# Watch your wizz saw



## Industry (Dec 27, 2007)

Well, I got smacked today. I got it from a piece of maple limb I was trimming with my wizz saw. It kicked a piece 1-1.5 inches diam, 10-12 inches into my face from approx. 5 feet away. I was pretty lucky in the way it hit me. I came away with cuts on the inside and outside of my bottom lip where my teeth were driven into it. I still have all my teeth, so that is good news. Anyway, be carefull which way the tool is spinning, so if you do get some kick-out it will spit away from you.


----------



## Bigus Termitius (Dec 28, 2007)

Industry said:


> Well, I got smacked today. I got it from a piece of maple limb I was trimming with my wizz saw. It kicked a piece 1-1.5 inches diam, 10-12 inches into my face from approx. 5 feet away. I was pretty lucky in the way it hit me. I came away with cuts on the inside and outside of my bottom lip where my teeth were driven into it. I still have all my teeth, so that is good news. Anyway, be carefull which way the tool is spinning, so if you do get some kick-out it will spit away from you.



Sounds like whoever came up with the wizz wasn't such a wizz afterall.

Bar and chain at the end of my stick.

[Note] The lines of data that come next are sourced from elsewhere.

lemma Xle_Xact_imp_image:
  assumes "P \<in> Xset act" and "Q \<in> Xset act" and "Xle act P (Xact act t Q)"
  shows "\<exists>R\<in>Xset act. P = Xact act t R"
proof -
  obtain p where p: "P = Xcls act p"
    using assms(1) unfolding Xset_def by blast
  obtain b w where q: "Q = Xcls act (b, w)"
    using assms(2) by (rule XsetE)
  have "Xle act (Xcls act p) (Xcls act (b, t @ w))"
    using assms(3) p q by (simp add: Xact_Xcls)
  then obtain c where "simrel act p (c, t @ w)"
    unfolding Xle_Xcls_iff by blast
  then have "P = Xact act t (Xcls act (c, w))"
    using p by (simp add: Xact_Xcls Xcls_eq_iff)
  then show ?thesis
    using Xcls_in_Xset by blast
qed

section \<open>Embedding \<open>M(T,Y)\<close> into \<open>W(T,X)\<close>\<close>

lemma simrel_Nil_iff: "simrel act (c, s) (d, []) \<longleftrightarrow> act s c = Some d"
proof
  assume "simrel act (c, s) (d, [])"
  then obtain e w where "arrow act (c, s) (e, w)" "arrow act (d, []) (e, w)"
    using simrel_iff_common_target by (metis prod.exhaust)
  then show "act s c = Some d"
    by auto
qed (simp add: arrow_imp_simrel)

lemma Xact_Xcls_Nil: "act t y0 = Some y \<Longrightarrow> Xact act t (Xcls act (y0, [])) = Xcls act (y, [])"
  by (simp add: Xact_Xcls Xcls_eq_iff simrel_Nil_iff)

lemma Xact_preimage_Xcls_Nil:
  assumes "act t y0 = Some y"
  shows "(SOME Z. Z \<in> Xset act \<and> Xcls act (y, []) = Xact act t Z) = Xcls act (y0, [])"
proof (rule some_equality)
  show "Xcls act (y0, []) \<in> Xset act \<and> Xcls act (y, []) = Xact act t (Xcls act (y0, []))"
    using Xact_Xcls_Nil[OF assms] by simp
next
  fix Z
  assume "Z \<in> Xset act \<and> Xcls act (y, []) = Xact act t Z"
  then show "Z = Xcls act (y0, [])"
    using Xact_Xcls_Nil[OF assms] Xact_inj Xcls_in_Xset by metis
qed

lemma Xmeet_eqI:
  assumes "M \<in> Xset act" and "Xle act M P" and "Xle act M Q"
    and greatest: "\<And>R. R \<in> Xset act \<Longrightarrow> Xle act R P \<Longrightarrow> Xle act R Q \<Longrightarrow> Xle act R M"
  shows "Xmeet act P Q = M"
  unfolding Xmeet_def
proof (rule the_equality)
  show "M \<in> Xset act \<and> Xle act M P \<and> Xle act M Q \<and>
      (\<forall>R\<in>Xset act. Xle act R P \<and> Xle act R Q \<longrightarrow> Xle act R M)"
    using assms by blast
next
  fix M'
  assume "M' \<in> Xset act \<and> Xle act M' P \<and> Xle act M' Q \<and>
      (\<forall>R\<in>Xset act. Xle act R P \<and> Xle act R Q \<longrightarrow> Xle act R M')"
  then show "M' = M"
    using assms Xle_antisym by blast
qed

lemma Xmeet_Xcls_Nil:
  assumes x0: "act s x0 = Some x" and v: "act s (inf x0 y) = Some v"
  shows "Xmeet act (Xcls act (x, [])) (Xcls act (y, s)) = Xcls act (v, [])"
proof (rule Xmeet_eqI)
  have "v \<le> x"
    using act_le_iff[OF v x0] by simp
  then show "Xle act (Xcls act (v, [])) (Xcls act (x, []))"
    unfolding Xle_Xcls_iff using simrel_refl by blast
  have "simrel act (v, []) (inf x0 y, s)"
    using v by (simp add: simrel_Nil_iff simrel_sym)
  then show "Xle act (Xcls act (v, [])) (Xcls act (y, s))"
    unfolding Xle_Xcls_iff by (blast intro: inf.cobounded2)
next
  fix R
  assume R: "R \<in> Xset act" "Xle act R (Xcls act (x, []))" "Xle act R (Xcls act (y, s))"
  obtain r where r: "R = Xcls act r"
    using R(1) unfolding Xset_def by blast
  obtain c1 where c1: "simrel act r (c1, [])" "c1 \<le> x"
    using R(2) unfolding r Xle_Xcls_iff by blast
  obtain c2 where c2: "simrel act r (c2, s)" "c2 \<le> y"
    using R(3) unfolding r Xle_Xcls_iff by blast
  have "simrel act (c2, s) (c1, [])"
    using c1(1) c2(1) simrel_sym simrel_trans by blast
  then have c21: "act s c2 = Some c1"
    by (simp add: simrel_Nil_iff)
  then have "c2 \<le> inf x0 y"
    using act_le_iff[OF c21 x0] c1(2) c2(2) by simp
  then have "c1 \<le> v"
    using act_le_iff[OF c21 v] by simp
  then show "Xle act R (Xcls act (v, []))"
    unfolding r Xle_Xcls_iff using c1(1) by blast
qed simp

end

definition M_to_W ::
    "('a list \<Rightarrow> 'y::order \<Rightarrow> 'y option) \<Rightarrow> 'y \<times> 'a list \<Rightarrow> ('a, 'y) Xel \<times> 'a list"
  where "M_to_W act p = (Xcls act (fst p, []), snd p)"

context free_pd_action
begin

lemma inj_on_M_to_W: "inj_on (M_to_W act) (M_car act)"
proof (rule inj_onI)
  fix p q
  assume "M_to_W act p = M_to_W act q"
  then have "simrel act (fst p, []) (fst q, [])" "snd p = snd q"
    unfolding M_to_W_def by (simp_all add: Xcls_eq_iff)
  then show "p = q"
    using simrel_same_level by (metis prod.expand)
qed

lemma M_to_W_image_subset: "M_to_W act ` M_car act \<subseteq> W_car act"
proof
  fix z
  assume "z \<in> M_to_W act ` M_car act"
  then obtain y t where "z = M_to_W act (y, t)" "(y, t) \<in> M_car act"
    by auto
  moreover from this obtain y0 where "act t y0 = Some y"
    using M_car_iff by blast
  ultimately have "z = (Xact act t (Xcls act (y0, [])), t)"
    unfolding M_to_W_def by (simp add: Xact_Xcls_Nil)
  then show "z \<in> W_car act"
    unfolding W_car_def using Xcls_in_Xset by blast
qed

lemma M_to_W_plus: "M_to_W act (M_plus p) = W_plus (M_to_W act p)"
  by (simp add: M_to_W_def M_plus_def W_plus_def split: prod.split)

lemma M_to_W_star:
  assumes "p \<in> M_car act"
  shows "M_to_W act (M_star act p) = W_star act (M_to_W act p)"
proof -
  obtain y t y0 where p: "p = (y, t)" and y0: "act t y0 = Some y"
    using assms M_car_iff by (metis prod.exhaust)
  then have "M_star act p = (y0, [])"
    unfolding M_star_def using ract_eq_Some_iff[of y t y0] by simp
  then show ?thesis
    unfolding M_to_W_def W_star_def p by (simp add: Xact_preimage_Xcls_Nil[OF y0])
qed

lemma M_to_W_mult:
  assumes "p \<in> M_car act" and "q \<in> M_car act"
  shows "M_to_W act (M_mult act p q) = W_mult act (M_to_W act p) (M_to_W act q)"
proof -
  obtain x s x0 where p: "p = (x, s)" and x0: "act s x0 = Some x"
    using assms(1) M_car_iff by (metis prod.exhaust)
  obtain y t y0 where q: "q = (y, t)" and y0: "act t y0 = Some y"
    using assms(2) M_car_iff by (metis prod.exhaust)
  obtain v where v: "act s (inf x0 y) = Some v"
    using act_defined_downward[OF x0 inf.cobounded1] by blast
  have "M_to_W act (M_mult act p q) = (Xcls act (v, []), s @ t)"
    unfolding M_to_W_def M_mult_def p q using ract_eq_Some_iff[of x s x0] x0 v by simp
  moreover have "Xact act (s @ t) (Xcls act (y0, [])) = Xcls act (y, s)"
    using y0 by (simp add: Xact_Xcls Xcls_eq_iff arrow_imp_simrel)
  then have "W_mult act (M_to_W act p) (M_to_W act q) =
      (Xmeet act (Xcls act (x, [])) (Xcls act (y, s)), s @ t)"
    unfolding M_to_W_def W_mult_def p q by (simp add: Xact_preimage_Xcls_Nil[OF y0])
  ultimately show ?thesis
    using Xmeet_Xcls_Nil[OF x0 v] by simp
qed

section \<open>Meets in \<open>X\<close>\<close>

lemma projections_M_car: "projections (M_car act) (M_star act) = range (\<lambda>k. (k, []))"
  unfolding projections_def
proof
  show "M_star act ` M_car act \<subseteq> range (\<lambda>k. (k, []))"
    unfolding M_star_def by (auto split: prod.splits)
  have "(k, []) = M_star act (k, []) \<and> (k, []) \<in> M_car act" for k
    unfolding M_star_def using ract_eq_Some_iff[of k "[]" k] by (simp add: M_car_iff)
  then show "range (\<lambda>k. (k, [])) \<subseteq> M_star act ` M_car act"
    by blast
qed

lemma M_mult_projection: "M_mult act (k, []) (w, t) = (inf k w, t)"
  unfolding M_mult_def using ract_eq_Some_iff[of k "[]" k] by simp

lemma rsigma_M_iff: "rsigma (M_car act) (M_mult act) (M_star act) (w, t) (w', t') \<longleftrightarrow> t = t'"
proof
  assume "t = t'"
  then have "M_mult act (inf w w', []) (w, t) = M_mult act (inf w w', []) (w', t')"
    by (simp add: M_mult_projection inf_aci)
  then show "rsigma (M_car act) (M_mult act) (M_star act) (w, t) (w', t')"
    unfolding rsigma_def projections_M_car by blast
qed (auto simp: rsigma_def projections_M_car M_mult_projection)

lemma nat_le_M_iff: "nat_le (M_car act) (M_mult act) (M_star act) (w, t) (w', t') \<longleftrightarrow> t = t' \<and> w \<le> w'"
  unfolding nat_le_def projections_M_car by (auto simp: M_mult_projection intro: inf.absorb1[symmetric])

text \<open>The maximum of the \<open>\<sigma>\<close>-class \<open>{(z, t) | z. z \<in> ran \<phi>\<^sub>t}\<close> of \<open>M(T,Y)\<close> is the image
  of the greatest element of \<open>dom \<phi>\<^sub>t\<close>.\<close>

lemma pdom_has_greatest_if_F_restriction:
  assumes "F_restriction (M_car act) (M_mult act) (M_star act)" and "axiom_C act"
  shows "\<exists>m\<in>pdom act t. \<forall>x\<in>pdom act t. x \<le> m"
proof -
  obtain x0 z0 where "act t x0 = Some z0"
    using assms(2) unfolding axiom_C_def pdom_def by blast
  then have "(z0, t) \<in> M_car act"
    using M_car_iff by blast
  then obtain mu tu where "(mu, tu) \<in> M_car act" and "tu = t"
    and greatest: "\<forall>b\<in>M_car act. rsigma (M_car act) (M_mult act) (M_star act) b (z0, t)
        \<longrightarrow> nat_le (M_car act) (M_mult act) (M_star act) b (mu, tu)"
    using assms(1) unfolding F_restriction_def by (force simp: rsigma_M_iff)
  then obtain m where m: "act t m = Some mu"
    using M_car_iff by blast
  have "x \<le> m" if x: "x \<in> pdom act t" for x
  proof -
    obtain z where z: "act t x = Some z"
      using x unfolding pdom_def by auto
    then have "(z, t) \<in> M_car act"
      using M_car_iff by blast
    then have "nat_le (M_car act) (M_mult act) (M_star act) (z, t) (mu, tu)"
      using greatest rsigma_M_iff by blast
    then have "z \<le> mu"
      by (simp add: nat_le_M_iff)
    then show ?thesis
      using act_le_iff[OF z m] by simp
  qed
  moreover have "m \<in> pdom act t"
    using m unfolding pdom_def by simp
  ultimately show ?thesis
    by blast
qed

end

locale free_pd_action_bounded = free_pd_action +
  assumes pdom_has_greatest: "\<exists>m\<in>pdom act t. \<forall>x\<in>pdom act t. x \<le> m"
begin

lemma Xle_Xcls_append:
  assumes x: "act q x = Some \<alpha>" and "x \<le> a" and "\<gamma> \<le> \<alpha>"
  shows "Xle act (Xcls act (\<gamma>, u)) (Xcls act (a, u @ q))"
proof -
  obtain z where z: "act q z = Some \<gamma>"
    using act_range_downward[OF x \<open>\<gamma> \<le> \<alpha>\<close>] by blast
  then have "z \<le> a"
    using act_le_iff[OF z x] assms(2,3) by simp
  moreover have "simrel act (\<gamma>, u) (z, u @ q)"
    using z by (simp add: simrel_sym arrow_imp_simrel)
  ultimately show ?thesis
    unfolding Xle_Xcls_iff by blast
qed

lemma simrel_at_longest_common_prefix:
  assumes "simrel act (c1, sa) (c2, sb)" and u: "u = longest_common_prefix sa sb"
    and q1: "sa = u @ q1" and q2: "sb = u @ q2"
  shows "\<exists>g. act q1 c1 = Some g \<and> act q2 c2 = Some g"
proof -
  obtain e v where "arrow act (c1, sa) (e, v)" "arrow act (c2, sb) (e, v)"
    using assms(1) simrel_iff_common_target by (metis prod.exhaust)
  then obtain w1 w2 where
    w: "sa = v @ w1" "act w1 c1 = Some e" "sb = v @ w2" "act w2 c2 = Some e"
    by auto
  then have "prefix v u"
    unfolding u by (simp add: longest_common_prefix_max_prefix)
  then obtain w where "u = v @ w"
    by (rule prefixE)
  then have "act (w @ q1) c1 = Some e" "act (w @ q2) c2 = Some e"
    using w q1 q2 by simp_all
  then obtain g1 g2 where "act q1 c1 = Some g1" "act w g1 = Some e"
    "act q2 c2 = Some g2" "act w g2 = Some e"
    unfolding act_append_eq_Some by blast
  then show ?thesis
    using act_inj by blast
qed

text \<open>Every common lower bound of \<open>[a, sa]\<close> and \<open>[b, sb]\<close> is represented at the level \<open>u\<close> of the
  longest common prefix, and there \<open>\<alpha> \<sqinter> \<beta>\<close> is the largest candidate, where \<open>\<alpha>\<close> and \<open>\<beta>\<close> carry
  \<open>a\<close> and \<open>b\<close>, cut down to the greatest elements of the relevant domains, to level \<open>u\<close>.\<close>

lemma Xset_has_meet:
  assumes "P \<in> Xset act" and "Q \<in> Xset act"
  shows "\<exists>M\<in>Xset act. Xle act M P \<and> Xle act M Q \<and>
           (\<forall>R\<in>Xset act. Xle act R P \<and> Xle act R Q \<longrightarrow> Xle act R M)"
proof -
  obtain a sa where P: "P = Xcls act (a, sa)"
    using assms(1) by (rule XsetE)
  obtain b sb where Q: "Q = Xcls act (b, sb)"
    using assms(2) by (rule XsetE)
  define u where "u = longest_common_prefix sa sb"
  obtain q1 where q1: "sa = u @ q1"
    using longest_common_prefix_prefix1 prefixE unfolding u_def by metis
  obtain q2 where q2: "sb = u @ q2"
    using longest_common_prefix_prefix2 prefixE unfolding u_def by metis
  obtain m1 where m1: "act q1 m1 \<noteq> None" "\<And>x. act q1 x \<noteq> None \<Longrightarrow> x \<le> m1"
    using pdom_has_greatest[of q1] unfolding pdom_def by blast
  obtain m2 where m2: "act q2 m2 \<noteq> None" "\<And>x. act q2 x \<noteq> None \<Longrightarrow> x \<le> m2"
    using pdom_has_greatest[of q2] unfolding pdom_def by blast
  obtain \<alpha> where \<alpha>: "act q1 (inf a m1) = Some \<alpha>"
    using m1(1) act_defined_downward inf.cobounded2 by (metis not_None_eq)
  obtain \<beta> where \<beta>: "act q2 (inf b m2) = Some \<beta>"
    using m2(1) act_defined_downward inf.cobounded2 by (metis not_None_eq)
  define M where "M = Xcls act (inf \<alpha> \<beta>, u)"
  have "Xle act M P"
    unfolding M_def P q1 by (rule Xle_Xcls_append[OF \<alpha>]) simp_all
  moreover have "Xle act M Q"
    unfolding M_def Q q2 by (rule Xle_Xcls_append[OF \<beta>]) simp_all
  moreover have "Xle act R M" if R: "R \<in> Xset act" "Xle act R P" "Xle act R Q" for R
  proof -
    obtain r where r: "R = Xcls act r"
      using R(1) unfolding Xset_def by blast
    obtain c1 where c1: "simrel act r (c1, sa)" "c1 \<le> a"
      using R(2) unfolding r P Xle_Xcls_iff by blast
    obtain c2 where c2: "simrel act r (c2, sb)" "c2 \<le> b"
      using R(3) unfolding r Q Xle_Xcls_iff by blast
    have "simrel act (c1, sa) (c2, sb)"
      using c1(1) c2(1) simrel_sym simrel_trans by blast
    then obtain g where g1: "act q1 c1 = Some g" and g2: "act q2 c2 = Some g"
      using simrel_at_longest_common_prefix u_def q1 q2 by blast
    have "c1 \<le> inf a m1"
      using c1(2) m1(2) g1 by simp
    then have "g \<le> \<alpha>"
      using act_le_iff[OF g1 \<alpha>] by simp
    moreover have "c2 \<le> inf b m2"
      using c2(2) m2(2) g2 by simp
    then have "g \<le> \<beta>"
      using act_le_iff[OF g2 \<beta>] by simp
    moreover have "simrel act r (g, u)"
      using c1(1) g1 q1 simrel_trans arrow_imp_simrel by auto
    ultimately show ?thesis
      unfolding r M_def Xle_Xcls_iff by auto
  qed
  ultimately show ?thesis
    unfolding M_def using Xcls_in_Xset by blast
qed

First time I saw a wizz, I laughed.

Trade up and keep your teeth brother.


----------



## JJackson (Dec 28, 2007)

Our crews don't run wizz saw either, just the bar and chain type hyraulic stick saws. But anything that spins around can send stuff back at you.


----------



## clearance (Dec 28, 2007)

JJackson said:


> Our crews don't run wizz saw either, just the bar and chain type hyraulic stick saws. But anything that spins around can send stuff back at you.



Hey JJack, its been a while, hows it going? Here all the utility tree outfits use them, Asplundh, Davey, etc. They are real fast for trimming for clearance, the fastest by far. Just keep your facescreen down. My buddy was trimming just wearing googles, a stub whacked his nose, stunned him good, lesson-wear your face screen.


----------



## Bigus Termitius (Dec 28, 2007)

clearance said:


> Hey JJack, its been a while, hows it going? Here all the utility tree outfits use them, Asplundh, Davey, etc. They are real fast for trimming for clearance, the fastest by far. Just keep your facescreen down. My buddy was trimming just wearing googles, a stub whacked his nose, stunned him good, lesson-wear your face screen.



I can see where they'd be faster at the cutting, and that you'd need a real screen, not one of them cheap jobs.

I'd still rather stick with my bar and chain though, even though I've yet to run a wizz.

I like the aspect of control better with my unit, I can also kick the speed up a knock if need be, and I've gotten to the point where it's really an extention of me for more than just trimming. I've got a few tricks, but I'm sure it can come down to what you get used to. Pros and cons with both.

No big screens for one, and I know that screen only protects so much. What about everywhere else?

Wait this is another topic altogether. I'd like to see the wizz in action though.


----------



## Industry (Dec 29, 2007)

The thing that I like most about a wizz saw is the fact that the cutting portion is canted at an angle to the stick. Like this ----/ where a stick saw is just straight. It takes me less time to get proper cuts on branch collars due to not having to get closer to 90 deg. from what I'm cutting. If that makes any sense.


----------



## booboo (Dec 29, 2007)

When I worked for the big orange machine, pretty much all we used were whizzers. Bar and chain sticks were in the truck but rarely came out. Whizzers were faster. It was easier to get a good angle on the collar cuts. It did limit you to relatively small diameter wood though. When bigger cuts were needed, it was with a chainsaw. That was faster than switching to the other stick saw. Stubs did fly on occasion, you had to be aware of how the blade was angled. I never got hit hard enough for an injury but it was certainly possible. 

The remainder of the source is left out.